THE TASK: Transcribe the data that follows. Match it character for character.

SUPPLIED ENTRIES:
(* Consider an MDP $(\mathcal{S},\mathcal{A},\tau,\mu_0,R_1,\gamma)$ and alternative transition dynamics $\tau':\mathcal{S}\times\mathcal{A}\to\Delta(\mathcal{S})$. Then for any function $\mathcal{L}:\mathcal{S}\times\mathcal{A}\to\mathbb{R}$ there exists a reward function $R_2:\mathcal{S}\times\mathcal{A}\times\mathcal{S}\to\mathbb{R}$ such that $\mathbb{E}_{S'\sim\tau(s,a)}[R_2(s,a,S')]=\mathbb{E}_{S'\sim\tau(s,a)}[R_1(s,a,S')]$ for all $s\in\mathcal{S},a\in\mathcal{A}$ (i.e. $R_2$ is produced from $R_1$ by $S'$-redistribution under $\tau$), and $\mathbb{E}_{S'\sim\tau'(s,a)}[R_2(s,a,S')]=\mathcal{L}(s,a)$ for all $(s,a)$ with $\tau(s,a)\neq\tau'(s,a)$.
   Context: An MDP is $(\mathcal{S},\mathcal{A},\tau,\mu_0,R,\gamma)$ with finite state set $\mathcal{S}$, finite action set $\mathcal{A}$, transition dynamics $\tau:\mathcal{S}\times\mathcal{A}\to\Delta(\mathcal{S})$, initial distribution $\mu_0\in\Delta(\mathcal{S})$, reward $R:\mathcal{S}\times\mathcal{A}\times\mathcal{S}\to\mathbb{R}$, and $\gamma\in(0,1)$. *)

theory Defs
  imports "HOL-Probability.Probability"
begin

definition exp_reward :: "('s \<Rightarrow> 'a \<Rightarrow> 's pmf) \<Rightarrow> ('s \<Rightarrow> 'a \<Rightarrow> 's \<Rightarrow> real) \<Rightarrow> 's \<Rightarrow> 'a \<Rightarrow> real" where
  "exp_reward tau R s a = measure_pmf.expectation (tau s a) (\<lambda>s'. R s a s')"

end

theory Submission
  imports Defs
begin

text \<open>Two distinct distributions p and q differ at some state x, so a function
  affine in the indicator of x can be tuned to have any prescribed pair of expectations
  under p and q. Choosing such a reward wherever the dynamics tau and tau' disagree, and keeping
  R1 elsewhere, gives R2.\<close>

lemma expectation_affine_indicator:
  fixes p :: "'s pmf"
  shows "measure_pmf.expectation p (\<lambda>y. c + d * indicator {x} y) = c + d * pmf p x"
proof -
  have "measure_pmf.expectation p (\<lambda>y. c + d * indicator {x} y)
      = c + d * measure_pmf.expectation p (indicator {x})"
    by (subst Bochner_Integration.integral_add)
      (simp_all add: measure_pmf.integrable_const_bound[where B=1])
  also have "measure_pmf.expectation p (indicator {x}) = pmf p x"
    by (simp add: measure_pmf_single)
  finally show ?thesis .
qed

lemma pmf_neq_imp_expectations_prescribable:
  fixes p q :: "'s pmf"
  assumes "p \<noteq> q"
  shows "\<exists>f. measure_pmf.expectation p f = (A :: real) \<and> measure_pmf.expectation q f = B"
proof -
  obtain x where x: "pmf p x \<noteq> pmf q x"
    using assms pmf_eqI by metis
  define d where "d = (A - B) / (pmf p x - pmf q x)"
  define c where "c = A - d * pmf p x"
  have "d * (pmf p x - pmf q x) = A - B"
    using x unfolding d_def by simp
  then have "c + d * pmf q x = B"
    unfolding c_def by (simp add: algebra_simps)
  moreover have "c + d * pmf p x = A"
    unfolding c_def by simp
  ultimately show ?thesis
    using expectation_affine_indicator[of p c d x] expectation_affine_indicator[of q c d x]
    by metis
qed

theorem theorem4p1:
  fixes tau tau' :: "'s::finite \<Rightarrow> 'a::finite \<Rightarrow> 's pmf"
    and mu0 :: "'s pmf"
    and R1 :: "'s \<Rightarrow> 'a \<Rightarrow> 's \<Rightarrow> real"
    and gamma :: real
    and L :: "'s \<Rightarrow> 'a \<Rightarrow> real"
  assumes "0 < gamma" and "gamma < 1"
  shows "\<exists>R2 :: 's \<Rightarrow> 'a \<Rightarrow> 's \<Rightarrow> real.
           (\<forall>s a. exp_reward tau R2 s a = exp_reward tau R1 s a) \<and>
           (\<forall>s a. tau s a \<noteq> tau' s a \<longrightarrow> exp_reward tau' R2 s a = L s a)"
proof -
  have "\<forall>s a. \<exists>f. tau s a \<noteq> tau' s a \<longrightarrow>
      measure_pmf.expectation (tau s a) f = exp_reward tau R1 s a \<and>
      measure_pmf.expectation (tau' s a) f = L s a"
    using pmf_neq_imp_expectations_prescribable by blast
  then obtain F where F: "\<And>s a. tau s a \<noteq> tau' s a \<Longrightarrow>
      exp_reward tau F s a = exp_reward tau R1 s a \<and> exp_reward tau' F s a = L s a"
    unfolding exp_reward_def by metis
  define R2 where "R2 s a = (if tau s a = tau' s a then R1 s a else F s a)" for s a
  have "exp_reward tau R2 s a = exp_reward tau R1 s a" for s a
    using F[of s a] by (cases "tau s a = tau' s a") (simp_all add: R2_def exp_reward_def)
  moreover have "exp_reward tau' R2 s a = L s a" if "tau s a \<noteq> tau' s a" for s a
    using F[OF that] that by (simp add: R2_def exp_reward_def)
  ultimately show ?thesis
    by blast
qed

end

EXERCISE SOLUTION:
(* Consider an MDP $(\mathcal{S},\mathcal{A},\tau,\mu_0,R_1,\gamma)$ and alternative transition dynamics $\tau':\mathcal{S}\times\mathcal{A}\to\Delta(\mathcal{S})$. Then for any function $\mathcal{L}:\mathcal{S}\times\mathcal{A}\to\mathbb{R}$ there exists a reward function $R_2:\mathcal{S}\times\mathcal{A}\times\mathcal{S}\to\mathbb{R}$ such that $\mathbb{E}_{S'\sim\tau(s,a)}[R_2(s,a,S')]=\mathbb{E}_{S'\sim\tau(s,a)}[R_1(s,a,S')]$ for all $s\in\mathcal{S},a\in\mathcal{A}$ (i.e. $R_2$ is produced from $R_1$ by $S'$-redistribution under $\tau$), and $\mathbb{E}_{S'\sim\tau'(s,a)}[R_2(s,a,S')]=\mathcal{L}(s,a)$ for all $(s,a)$ with $\tau(s,a)\neq\tau'(s,a)$.
   Context: An MDP is $(\mathcal{S},\mathcal{A},\tau,\mu_0,R,\gamma)$ with finite state set $\mathcal{S}$, finite action set $\mathcal{A}$, transition dynamics $\tau:\mathcal{S}\times\mathcal{A}\to\Delta(\mathcal{S})$, initial distribution $\mu_0\in\Delta(\mathcal{S})$, reward $R:\mathcal{S}\times\mathcal{A}\times\mathcal{S}\to\mathbb{R}$, and $\gamma\in(0,1)$. *)

theory Defs
  imports "HOL-Probability.Probability"
begin

definition exp_reward :: "('s \<Rightarrow> 'a \<Rightarrow> 's pmf) \<Rightarrow> ('s \<Rightarrow> 'a \<Rightarrow> 's \<Rightarrow> real) \<Rightarrow> 's \<Rightarrow> 'a \<Rightarrow> real" where
  "exp_reward tau R s a = measure_pmf.expectation (tau s a) (\<lambda>s'. R s a s')"

end

theory Submission
  imports Defs
begin

text \<open>Two distinct distributions p and q differ at some state x, so a function
  affine in the indicator of x can be tuned to have any prescribed pair of expectations
  under p and q. Choosing such a reward wherever the dynamics tau and tau' disagree, and keeping
  R1 elsewhere, gives R2.\<close>

lemma expectation_affine_indicator:
  fixes p :: "'s pmf"
  shows "measure_pmf.expectation p (\<lambda>y. c + d * indicator {x} y) = c + d * pmf p x"
proof -
  have "measure_pmf.expectation p (\<lambda>y. c + d * indicator {x} y)
      = c + d * measure_pmf.expectation p (indicator {x})"
    by (subst Bochner_Integration.integral_add)
      (simp_all add: measure_pmf.integrable_const_bound[where B=1])
  also have "measure_pmf.expectation p (indicator {x}) = pmf p x"
    by (simp add: measure_pmf_single)
  finally show ?thesis .
qed

lemma pmf_neq_imp_expectations_prescribable:
  fixes p q :: "'s pmf"
  assumes "p \<noteq> q"
  shows "\<exists>f. measure_pmf.expectation p f = (A :: real) \<and> measure_pmf.expectation q f = B"
proof -
  obtain x where x: "pmf p x \<noteq> pmf q x"
    using assms pmf_eqI by metis
  define d where "d = (A - B) / (pmf p x - pmf q x)"
  define c where "c = A - d * pmf p x"
  have "d * (pmf p x - pmf q x) = A - B"
    using x unfolding d_def by simp
  then have "c + d * pmf q x = B"
    unfolding c_def by (simp add: algebra_simps)
  moreover have "c + d * pmf p x = A"
    unfolding c_def by simp
  ultimately show ?thesis
    using expectation_affine_indicator[of p c d x] expectation_affine_indicator[of q c d x]
    by metis
qed

theorem theorem4p1:
  fixes tau tau' :: "'s::finite \<Rightarrow> 'a::finite \<Rightarrow> 's pmf"
    and mu0 :: "'s pmf"
    and R1 :: "'s \<Rightarrow> 'a \<Rightarrow> 's \<Rightarrow> real"
    and gamma :: real
    and L :: "'s \<Rightarrow> 'a \<Rightarrow> real"
  assumes "0 < gamma" and "gamma < 1"
  shows "\<exists>R2 :: 's \<Rightarrow> 'a \<Rightarrow> 's \<Rightarrow> real.
           (\<forall>s a. exp_reward tau R2 s a = exp_reward tau R1 s a) \<and>
           (\<forall>s a. tau s a \<noteq> tau' s a \<longrightarrow> exp_reward tau' R2 s a = L s a)"
proof -
  have "\<forall>s a. \<exists>f. tau s a \<noteq> tau' s a \<longrightarrow>
      measure_pmf.expectation (tau s a) f = exp_reward tau R1 s a \<and>
      measure_pmf.expectation (tau' s a) f = L s a"
    using pmf_neq_imp_expectations_prescribable by blast
  then obtain F where F: "\<And>s a. tau s a \<noteq> tau' s a \<Longrightarrow>
      exp_reward tau F s a = exp_reward tau R1 s a \<and> exp_reward tau' F s a = L s a"
    unfolding exp_reward_def by metis
  define R2 where "R2 s a = (if tau s a = tau' s a then R1 s a else F s a)" for s a
  have "exp_reward tau R2 s a = exp_reward tau R1 s a" for s a
    using F[of s a] by (cases "tau s a = tau' s a") (simp_all add: R2_def exp_reward_def)
  moreover have "exp_reward tau' R2 s a = L s a" if "tau s a \<noteq> tau' s a" for s a
    using F[OF that] that by (simp add: R2_def exp_reward_def)
  ultimately show ?thesis
    by blast
qed

end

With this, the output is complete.